▶ TASK PROMPT: Would you please output the lines of the data below from the one containing "t) = 1) \<and>" to the end, exactly and with nothing added?

== RECORDS TO PROCESS ==

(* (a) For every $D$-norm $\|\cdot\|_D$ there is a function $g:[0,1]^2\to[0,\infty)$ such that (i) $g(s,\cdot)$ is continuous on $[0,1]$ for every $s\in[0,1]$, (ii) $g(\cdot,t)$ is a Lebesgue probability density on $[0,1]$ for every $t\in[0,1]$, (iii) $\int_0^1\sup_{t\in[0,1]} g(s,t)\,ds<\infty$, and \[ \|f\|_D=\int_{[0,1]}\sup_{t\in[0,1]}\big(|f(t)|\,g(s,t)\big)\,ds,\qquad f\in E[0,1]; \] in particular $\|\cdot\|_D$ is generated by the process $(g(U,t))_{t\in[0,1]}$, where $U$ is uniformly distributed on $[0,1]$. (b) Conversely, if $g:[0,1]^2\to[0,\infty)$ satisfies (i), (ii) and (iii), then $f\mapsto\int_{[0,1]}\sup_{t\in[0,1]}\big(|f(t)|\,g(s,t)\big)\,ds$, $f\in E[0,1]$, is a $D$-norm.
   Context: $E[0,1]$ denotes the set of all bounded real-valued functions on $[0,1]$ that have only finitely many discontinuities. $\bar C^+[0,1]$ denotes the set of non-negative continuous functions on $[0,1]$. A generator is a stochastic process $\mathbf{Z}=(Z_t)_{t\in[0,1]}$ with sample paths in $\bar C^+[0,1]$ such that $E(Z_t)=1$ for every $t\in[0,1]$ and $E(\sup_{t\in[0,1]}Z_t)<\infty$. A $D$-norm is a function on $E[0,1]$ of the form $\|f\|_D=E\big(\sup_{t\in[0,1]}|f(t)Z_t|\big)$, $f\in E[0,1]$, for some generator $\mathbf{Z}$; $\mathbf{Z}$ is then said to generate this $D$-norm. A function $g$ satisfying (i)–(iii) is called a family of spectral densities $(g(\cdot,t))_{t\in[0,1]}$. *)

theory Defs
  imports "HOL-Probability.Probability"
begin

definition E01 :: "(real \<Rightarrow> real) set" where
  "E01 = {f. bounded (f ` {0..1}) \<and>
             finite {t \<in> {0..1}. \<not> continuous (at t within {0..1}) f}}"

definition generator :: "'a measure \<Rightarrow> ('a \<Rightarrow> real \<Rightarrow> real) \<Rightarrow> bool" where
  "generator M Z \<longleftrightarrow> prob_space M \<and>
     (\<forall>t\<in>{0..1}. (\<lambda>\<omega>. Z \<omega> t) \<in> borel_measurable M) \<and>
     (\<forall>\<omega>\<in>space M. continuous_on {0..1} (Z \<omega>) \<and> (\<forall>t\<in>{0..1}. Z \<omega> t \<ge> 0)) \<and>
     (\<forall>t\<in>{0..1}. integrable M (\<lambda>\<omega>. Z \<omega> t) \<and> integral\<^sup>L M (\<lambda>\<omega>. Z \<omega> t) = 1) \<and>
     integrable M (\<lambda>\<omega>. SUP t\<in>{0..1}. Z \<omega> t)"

===

▶ WORKED SOLUTION:
     (\<forall>t\<in>{0..1}. integrable M (\<lambda>\<omega>. Z \<omega> t) \<and> integral\<^sup>L M (\<lambda>\<omega>. Z \<omega> t) = 1) \<and>
     integrable M (\<lambda>\<omega>. SUP t\<in>{0..1}. Z \<omega> t)"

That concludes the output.